• [Directions for this task]:
In the data below, the answer is the run of lines from the line containing "text \<open>The second" through the line containing "c * deriv_eval", both included; print it exactly and nothing else.

--- START ---

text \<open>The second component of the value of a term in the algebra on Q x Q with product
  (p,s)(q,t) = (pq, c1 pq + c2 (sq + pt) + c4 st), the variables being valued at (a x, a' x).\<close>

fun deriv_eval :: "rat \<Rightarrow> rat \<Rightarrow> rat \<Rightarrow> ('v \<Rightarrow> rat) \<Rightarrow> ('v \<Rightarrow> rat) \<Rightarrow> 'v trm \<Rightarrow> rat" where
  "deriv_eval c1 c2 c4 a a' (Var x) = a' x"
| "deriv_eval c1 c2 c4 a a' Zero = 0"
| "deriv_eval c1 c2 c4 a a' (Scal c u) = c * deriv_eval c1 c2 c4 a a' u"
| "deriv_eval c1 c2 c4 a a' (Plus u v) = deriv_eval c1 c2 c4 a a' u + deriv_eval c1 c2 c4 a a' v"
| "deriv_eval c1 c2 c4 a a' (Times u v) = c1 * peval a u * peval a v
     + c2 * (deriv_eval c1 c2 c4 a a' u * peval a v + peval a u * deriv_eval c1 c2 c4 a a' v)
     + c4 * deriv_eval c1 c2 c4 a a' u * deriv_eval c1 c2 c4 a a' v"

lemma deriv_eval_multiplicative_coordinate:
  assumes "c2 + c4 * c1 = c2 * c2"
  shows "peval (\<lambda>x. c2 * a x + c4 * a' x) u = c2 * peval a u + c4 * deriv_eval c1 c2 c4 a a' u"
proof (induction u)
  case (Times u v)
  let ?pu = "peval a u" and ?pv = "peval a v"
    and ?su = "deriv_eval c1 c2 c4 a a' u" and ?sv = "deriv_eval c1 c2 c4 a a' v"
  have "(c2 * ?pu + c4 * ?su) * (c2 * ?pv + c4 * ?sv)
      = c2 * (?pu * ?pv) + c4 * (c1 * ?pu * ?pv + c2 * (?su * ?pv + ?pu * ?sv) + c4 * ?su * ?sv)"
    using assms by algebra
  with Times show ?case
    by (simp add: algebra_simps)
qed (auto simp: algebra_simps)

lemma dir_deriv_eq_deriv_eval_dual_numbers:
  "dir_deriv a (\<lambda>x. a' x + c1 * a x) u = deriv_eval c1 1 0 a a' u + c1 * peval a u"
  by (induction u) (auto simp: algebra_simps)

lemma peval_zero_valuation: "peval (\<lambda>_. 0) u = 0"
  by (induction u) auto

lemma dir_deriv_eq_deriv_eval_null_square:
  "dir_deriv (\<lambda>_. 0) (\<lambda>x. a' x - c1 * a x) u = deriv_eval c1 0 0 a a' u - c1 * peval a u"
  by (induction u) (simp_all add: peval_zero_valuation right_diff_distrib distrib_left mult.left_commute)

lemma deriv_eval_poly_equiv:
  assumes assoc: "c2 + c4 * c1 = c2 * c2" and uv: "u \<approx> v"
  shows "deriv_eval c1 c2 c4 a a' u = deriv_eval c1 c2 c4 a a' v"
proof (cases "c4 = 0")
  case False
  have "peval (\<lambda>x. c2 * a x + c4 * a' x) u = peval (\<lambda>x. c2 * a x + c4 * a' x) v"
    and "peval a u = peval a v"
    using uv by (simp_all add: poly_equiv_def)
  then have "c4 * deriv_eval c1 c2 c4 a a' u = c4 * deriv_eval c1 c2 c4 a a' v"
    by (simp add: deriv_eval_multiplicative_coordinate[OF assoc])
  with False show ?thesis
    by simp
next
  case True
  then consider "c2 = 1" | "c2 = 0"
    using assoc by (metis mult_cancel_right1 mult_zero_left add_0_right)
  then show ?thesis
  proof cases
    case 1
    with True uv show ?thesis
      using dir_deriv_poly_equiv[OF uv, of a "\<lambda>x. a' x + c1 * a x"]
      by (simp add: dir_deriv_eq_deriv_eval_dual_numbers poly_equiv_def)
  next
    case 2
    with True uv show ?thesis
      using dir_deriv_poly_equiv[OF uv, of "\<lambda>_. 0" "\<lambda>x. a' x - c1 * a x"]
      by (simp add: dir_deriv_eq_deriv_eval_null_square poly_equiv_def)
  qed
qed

--- END ---
--- START ---

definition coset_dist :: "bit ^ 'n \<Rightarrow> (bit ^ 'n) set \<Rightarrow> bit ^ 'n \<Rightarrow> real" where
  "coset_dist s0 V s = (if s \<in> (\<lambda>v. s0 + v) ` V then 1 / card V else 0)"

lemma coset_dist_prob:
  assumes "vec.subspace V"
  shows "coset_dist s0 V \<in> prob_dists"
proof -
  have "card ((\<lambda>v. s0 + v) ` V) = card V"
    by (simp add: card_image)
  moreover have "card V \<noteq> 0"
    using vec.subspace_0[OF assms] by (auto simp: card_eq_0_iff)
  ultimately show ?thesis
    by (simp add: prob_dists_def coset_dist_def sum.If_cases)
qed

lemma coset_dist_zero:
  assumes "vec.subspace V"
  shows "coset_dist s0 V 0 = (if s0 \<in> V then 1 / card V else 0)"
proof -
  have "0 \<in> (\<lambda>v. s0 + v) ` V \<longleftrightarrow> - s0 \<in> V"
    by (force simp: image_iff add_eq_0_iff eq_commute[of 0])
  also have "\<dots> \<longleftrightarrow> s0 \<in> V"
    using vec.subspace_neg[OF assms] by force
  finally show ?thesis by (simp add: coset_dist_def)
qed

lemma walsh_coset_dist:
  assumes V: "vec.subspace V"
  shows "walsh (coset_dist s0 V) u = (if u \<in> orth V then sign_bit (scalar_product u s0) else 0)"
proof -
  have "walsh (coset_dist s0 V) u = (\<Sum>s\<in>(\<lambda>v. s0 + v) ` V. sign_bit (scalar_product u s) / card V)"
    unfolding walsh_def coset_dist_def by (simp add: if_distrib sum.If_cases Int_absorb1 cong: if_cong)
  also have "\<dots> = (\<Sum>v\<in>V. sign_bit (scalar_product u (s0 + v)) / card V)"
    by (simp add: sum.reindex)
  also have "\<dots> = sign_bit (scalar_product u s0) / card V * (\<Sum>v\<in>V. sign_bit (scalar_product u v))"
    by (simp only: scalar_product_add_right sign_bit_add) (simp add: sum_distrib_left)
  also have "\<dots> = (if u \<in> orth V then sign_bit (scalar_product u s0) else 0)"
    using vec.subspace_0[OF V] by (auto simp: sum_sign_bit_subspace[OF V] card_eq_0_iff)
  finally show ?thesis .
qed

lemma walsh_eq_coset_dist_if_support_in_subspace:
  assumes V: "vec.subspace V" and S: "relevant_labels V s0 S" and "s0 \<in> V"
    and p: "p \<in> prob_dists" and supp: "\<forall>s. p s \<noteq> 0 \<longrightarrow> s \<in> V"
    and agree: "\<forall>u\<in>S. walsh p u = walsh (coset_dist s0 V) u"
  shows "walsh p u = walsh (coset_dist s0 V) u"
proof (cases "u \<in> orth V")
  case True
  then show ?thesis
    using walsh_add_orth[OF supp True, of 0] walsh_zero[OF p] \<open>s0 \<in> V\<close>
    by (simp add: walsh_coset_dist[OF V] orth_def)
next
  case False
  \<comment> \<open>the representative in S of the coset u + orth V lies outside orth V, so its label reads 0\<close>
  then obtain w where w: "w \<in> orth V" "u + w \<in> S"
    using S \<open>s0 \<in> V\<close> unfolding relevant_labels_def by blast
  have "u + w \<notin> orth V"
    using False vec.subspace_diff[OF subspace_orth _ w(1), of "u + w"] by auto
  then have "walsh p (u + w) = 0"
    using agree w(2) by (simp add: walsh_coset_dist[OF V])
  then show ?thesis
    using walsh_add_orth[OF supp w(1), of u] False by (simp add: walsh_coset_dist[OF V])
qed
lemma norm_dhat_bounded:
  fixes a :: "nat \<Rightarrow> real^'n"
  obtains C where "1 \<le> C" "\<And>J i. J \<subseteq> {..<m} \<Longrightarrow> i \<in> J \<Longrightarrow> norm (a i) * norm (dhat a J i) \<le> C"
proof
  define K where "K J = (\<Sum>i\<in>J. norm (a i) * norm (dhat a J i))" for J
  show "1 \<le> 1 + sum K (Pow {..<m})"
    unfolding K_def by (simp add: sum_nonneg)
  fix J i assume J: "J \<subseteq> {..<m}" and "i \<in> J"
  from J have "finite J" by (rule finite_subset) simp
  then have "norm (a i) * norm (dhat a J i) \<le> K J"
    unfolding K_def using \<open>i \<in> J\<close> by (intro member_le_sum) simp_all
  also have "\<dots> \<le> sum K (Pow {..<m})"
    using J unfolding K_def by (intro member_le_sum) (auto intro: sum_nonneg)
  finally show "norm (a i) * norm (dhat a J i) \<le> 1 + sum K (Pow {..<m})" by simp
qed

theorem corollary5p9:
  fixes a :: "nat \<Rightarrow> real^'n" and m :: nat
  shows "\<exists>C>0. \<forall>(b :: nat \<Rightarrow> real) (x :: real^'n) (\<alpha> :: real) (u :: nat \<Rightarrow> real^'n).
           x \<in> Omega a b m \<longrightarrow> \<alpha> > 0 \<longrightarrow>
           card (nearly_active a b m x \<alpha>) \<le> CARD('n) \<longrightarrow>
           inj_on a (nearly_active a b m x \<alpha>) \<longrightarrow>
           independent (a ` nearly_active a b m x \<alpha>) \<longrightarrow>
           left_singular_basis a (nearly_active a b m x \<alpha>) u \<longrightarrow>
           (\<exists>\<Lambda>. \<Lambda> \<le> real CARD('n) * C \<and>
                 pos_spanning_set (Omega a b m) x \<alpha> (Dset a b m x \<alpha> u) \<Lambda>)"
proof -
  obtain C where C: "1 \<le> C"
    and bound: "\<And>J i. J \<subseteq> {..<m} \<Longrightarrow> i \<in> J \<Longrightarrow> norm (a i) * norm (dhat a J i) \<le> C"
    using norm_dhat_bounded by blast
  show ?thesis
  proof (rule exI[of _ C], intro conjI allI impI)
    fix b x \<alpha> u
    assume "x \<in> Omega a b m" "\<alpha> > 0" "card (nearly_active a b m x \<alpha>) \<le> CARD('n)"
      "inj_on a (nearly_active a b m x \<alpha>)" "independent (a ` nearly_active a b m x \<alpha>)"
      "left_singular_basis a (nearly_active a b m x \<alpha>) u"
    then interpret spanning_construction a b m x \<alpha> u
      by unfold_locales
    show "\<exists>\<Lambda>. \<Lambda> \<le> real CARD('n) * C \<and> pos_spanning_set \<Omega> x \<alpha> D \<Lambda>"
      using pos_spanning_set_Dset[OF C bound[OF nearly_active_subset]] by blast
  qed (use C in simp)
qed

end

--- END ---
--- START ---

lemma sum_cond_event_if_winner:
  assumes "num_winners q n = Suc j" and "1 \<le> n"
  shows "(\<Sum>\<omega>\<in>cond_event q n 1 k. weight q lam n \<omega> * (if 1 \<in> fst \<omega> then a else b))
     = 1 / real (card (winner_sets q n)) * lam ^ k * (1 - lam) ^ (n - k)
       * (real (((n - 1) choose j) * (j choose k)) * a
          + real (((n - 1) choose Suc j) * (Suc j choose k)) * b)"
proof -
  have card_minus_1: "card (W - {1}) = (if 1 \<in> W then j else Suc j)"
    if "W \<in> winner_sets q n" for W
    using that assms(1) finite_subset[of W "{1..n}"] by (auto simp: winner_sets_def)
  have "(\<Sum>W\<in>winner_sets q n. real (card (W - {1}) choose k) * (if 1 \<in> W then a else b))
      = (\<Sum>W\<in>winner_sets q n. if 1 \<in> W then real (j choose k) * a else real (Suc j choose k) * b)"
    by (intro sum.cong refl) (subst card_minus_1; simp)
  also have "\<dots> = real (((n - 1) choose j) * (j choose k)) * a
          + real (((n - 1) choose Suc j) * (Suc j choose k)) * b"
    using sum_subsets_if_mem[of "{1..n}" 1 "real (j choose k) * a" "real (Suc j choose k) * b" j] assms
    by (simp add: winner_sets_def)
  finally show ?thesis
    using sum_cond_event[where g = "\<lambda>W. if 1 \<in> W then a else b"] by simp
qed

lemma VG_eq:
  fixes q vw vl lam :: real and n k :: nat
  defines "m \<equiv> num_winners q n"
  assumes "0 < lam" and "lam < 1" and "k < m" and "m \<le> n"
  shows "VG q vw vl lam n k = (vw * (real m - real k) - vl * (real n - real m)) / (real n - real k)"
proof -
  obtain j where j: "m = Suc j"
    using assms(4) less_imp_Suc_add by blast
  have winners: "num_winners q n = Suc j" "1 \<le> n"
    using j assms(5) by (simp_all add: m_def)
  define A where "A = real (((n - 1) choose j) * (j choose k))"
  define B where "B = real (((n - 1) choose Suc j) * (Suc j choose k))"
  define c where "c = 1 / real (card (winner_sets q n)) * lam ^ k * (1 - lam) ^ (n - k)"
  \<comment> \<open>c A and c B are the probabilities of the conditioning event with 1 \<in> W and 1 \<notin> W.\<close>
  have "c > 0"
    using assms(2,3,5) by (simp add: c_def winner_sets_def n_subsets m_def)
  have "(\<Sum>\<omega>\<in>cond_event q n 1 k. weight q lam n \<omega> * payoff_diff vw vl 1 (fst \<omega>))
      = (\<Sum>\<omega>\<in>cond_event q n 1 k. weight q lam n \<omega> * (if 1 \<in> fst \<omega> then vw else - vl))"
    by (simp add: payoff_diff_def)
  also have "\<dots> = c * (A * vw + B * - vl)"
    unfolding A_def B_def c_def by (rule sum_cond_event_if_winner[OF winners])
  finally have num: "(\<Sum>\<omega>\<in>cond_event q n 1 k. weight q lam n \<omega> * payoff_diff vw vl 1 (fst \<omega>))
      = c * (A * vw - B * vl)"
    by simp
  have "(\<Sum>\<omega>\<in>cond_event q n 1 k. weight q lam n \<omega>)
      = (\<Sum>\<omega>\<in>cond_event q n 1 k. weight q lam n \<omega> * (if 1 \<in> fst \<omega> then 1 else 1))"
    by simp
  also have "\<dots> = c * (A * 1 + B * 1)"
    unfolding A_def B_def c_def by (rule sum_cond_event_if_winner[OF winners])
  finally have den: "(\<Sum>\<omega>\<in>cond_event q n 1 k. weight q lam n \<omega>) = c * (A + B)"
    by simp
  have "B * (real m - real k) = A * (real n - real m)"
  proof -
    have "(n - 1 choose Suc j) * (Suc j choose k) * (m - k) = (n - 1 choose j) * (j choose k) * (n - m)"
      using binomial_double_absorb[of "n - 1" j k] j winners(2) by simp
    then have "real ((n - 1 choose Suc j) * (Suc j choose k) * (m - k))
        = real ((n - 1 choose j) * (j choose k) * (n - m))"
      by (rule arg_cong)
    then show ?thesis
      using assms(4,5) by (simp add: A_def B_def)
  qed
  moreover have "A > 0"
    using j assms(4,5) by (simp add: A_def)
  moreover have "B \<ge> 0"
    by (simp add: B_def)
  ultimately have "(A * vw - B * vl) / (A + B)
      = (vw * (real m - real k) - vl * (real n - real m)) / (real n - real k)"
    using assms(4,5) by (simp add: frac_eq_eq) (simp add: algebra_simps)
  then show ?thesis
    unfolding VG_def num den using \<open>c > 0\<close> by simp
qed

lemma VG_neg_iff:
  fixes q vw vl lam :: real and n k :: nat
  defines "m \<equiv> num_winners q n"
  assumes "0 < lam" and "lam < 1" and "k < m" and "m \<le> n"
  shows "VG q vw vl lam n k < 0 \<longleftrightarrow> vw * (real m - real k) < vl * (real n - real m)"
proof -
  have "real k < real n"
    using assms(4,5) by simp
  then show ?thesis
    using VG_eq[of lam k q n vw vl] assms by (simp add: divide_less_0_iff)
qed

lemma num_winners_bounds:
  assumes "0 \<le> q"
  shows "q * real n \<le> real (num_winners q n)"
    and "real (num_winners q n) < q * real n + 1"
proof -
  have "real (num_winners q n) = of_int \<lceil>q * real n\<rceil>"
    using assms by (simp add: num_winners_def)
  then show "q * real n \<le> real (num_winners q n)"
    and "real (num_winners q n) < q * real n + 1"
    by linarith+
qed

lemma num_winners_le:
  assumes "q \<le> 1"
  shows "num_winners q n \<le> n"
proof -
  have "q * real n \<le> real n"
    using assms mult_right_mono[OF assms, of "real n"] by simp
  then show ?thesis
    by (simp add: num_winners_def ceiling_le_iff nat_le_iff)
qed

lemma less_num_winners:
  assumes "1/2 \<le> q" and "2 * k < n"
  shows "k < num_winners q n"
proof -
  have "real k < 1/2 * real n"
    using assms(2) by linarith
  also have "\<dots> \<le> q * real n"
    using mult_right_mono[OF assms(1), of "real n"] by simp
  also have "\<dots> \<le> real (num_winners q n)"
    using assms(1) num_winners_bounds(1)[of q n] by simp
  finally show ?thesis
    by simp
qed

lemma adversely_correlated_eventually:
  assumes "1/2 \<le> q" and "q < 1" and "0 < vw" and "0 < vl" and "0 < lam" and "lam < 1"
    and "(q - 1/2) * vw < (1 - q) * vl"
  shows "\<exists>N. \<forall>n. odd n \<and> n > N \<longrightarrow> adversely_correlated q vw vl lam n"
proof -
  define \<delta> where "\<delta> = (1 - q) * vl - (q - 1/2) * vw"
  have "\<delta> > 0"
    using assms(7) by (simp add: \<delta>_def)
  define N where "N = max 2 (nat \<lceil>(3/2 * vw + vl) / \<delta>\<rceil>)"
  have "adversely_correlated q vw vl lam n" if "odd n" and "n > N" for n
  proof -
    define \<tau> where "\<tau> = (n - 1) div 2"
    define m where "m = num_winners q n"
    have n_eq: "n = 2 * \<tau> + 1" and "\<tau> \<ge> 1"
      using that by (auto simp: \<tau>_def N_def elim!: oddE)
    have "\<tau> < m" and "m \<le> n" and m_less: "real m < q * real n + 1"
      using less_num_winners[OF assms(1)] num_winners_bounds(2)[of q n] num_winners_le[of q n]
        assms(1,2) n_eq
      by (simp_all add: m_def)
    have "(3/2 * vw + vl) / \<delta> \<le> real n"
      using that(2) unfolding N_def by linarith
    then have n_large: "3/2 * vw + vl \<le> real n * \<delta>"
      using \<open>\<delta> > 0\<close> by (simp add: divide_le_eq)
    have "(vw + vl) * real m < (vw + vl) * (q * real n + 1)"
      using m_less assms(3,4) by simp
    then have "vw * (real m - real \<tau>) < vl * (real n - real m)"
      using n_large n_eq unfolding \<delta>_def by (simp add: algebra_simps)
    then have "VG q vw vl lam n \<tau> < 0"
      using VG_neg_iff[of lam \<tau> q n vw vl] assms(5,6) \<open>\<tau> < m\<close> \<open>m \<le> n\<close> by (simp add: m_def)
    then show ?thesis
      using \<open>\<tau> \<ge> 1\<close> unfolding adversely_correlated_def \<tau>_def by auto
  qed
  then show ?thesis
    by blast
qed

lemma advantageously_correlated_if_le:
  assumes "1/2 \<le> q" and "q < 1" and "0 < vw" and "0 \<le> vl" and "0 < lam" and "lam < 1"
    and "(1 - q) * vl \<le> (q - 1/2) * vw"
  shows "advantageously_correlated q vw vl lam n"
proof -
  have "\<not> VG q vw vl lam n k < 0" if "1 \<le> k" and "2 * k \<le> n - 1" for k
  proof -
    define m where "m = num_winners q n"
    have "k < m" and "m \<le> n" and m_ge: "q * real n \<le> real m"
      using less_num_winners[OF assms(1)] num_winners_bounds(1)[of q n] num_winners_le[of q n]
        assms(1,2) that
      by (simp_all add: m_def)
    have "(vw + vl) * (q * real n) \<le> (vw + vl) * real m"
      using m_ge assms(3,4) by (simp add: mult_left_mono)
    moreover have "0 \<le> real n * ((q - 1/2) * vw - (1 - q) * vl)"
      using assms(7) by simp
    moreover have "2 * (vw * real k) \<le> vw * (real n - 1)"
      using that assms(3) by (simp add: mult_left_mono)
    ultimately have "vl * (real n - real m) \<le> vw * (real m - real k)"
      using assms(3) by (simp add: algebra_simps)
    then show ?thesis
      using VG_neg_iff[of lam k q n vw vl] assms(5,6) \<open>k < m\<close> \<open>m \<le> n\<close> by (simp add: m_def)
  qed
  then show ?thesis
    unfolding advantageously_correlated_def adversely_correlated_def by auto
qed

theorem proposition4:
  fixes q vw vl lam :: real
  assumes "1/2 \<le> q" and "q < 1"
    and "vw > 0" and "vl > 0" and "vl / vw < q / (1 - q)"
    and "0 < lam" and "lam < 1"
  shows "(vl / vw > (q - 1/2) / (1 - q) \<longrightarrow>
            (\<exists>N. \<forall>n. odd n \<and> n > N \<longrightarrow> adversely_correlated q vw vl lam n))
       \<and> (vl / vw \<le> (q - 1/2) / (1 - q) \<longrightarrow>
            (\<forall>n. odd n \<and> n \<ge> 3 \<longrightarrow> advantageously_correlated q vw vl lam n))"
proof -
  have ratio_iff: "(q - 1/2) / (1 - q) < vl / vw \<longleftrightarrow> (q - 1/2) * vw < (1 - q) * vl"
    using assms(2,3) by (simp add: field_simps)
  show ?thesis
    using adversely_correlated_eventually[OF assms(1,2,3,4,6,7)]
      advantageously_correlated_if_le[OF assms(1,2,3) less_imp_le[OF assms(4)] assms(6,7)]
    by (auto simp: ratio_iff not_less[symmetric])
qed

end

--- END ---

• [Result of the exercise]:
text \<open>The second component of the value of a term in the algebra on Q x Q with product
  (p,s)(q,t) = (pq, c1 pq + c2 (sq + pt) + c4 st), the variables being valued at (a x, a' x).\<close>

fun deriv_eval :: "rat \<Rightarrow> rat \<Rightarrow> rat \<Rightarrow> ('v \<Rightarrow> rat) \<Rightarrow> ('v \<Rightarrow> rat) \<Rightarrow> 'v trm \<Rightarrow> rat" where
  "deriv_eval c1 c2 c4 a a' (Var x) = a' x"
| "deriv_eval c1 c2 c4 a a' Zero = 0"
| "deriv_eval c1 c2 c4 a a' (Scal c u) = c * deriv_eval c1 c2 c4 a a' u"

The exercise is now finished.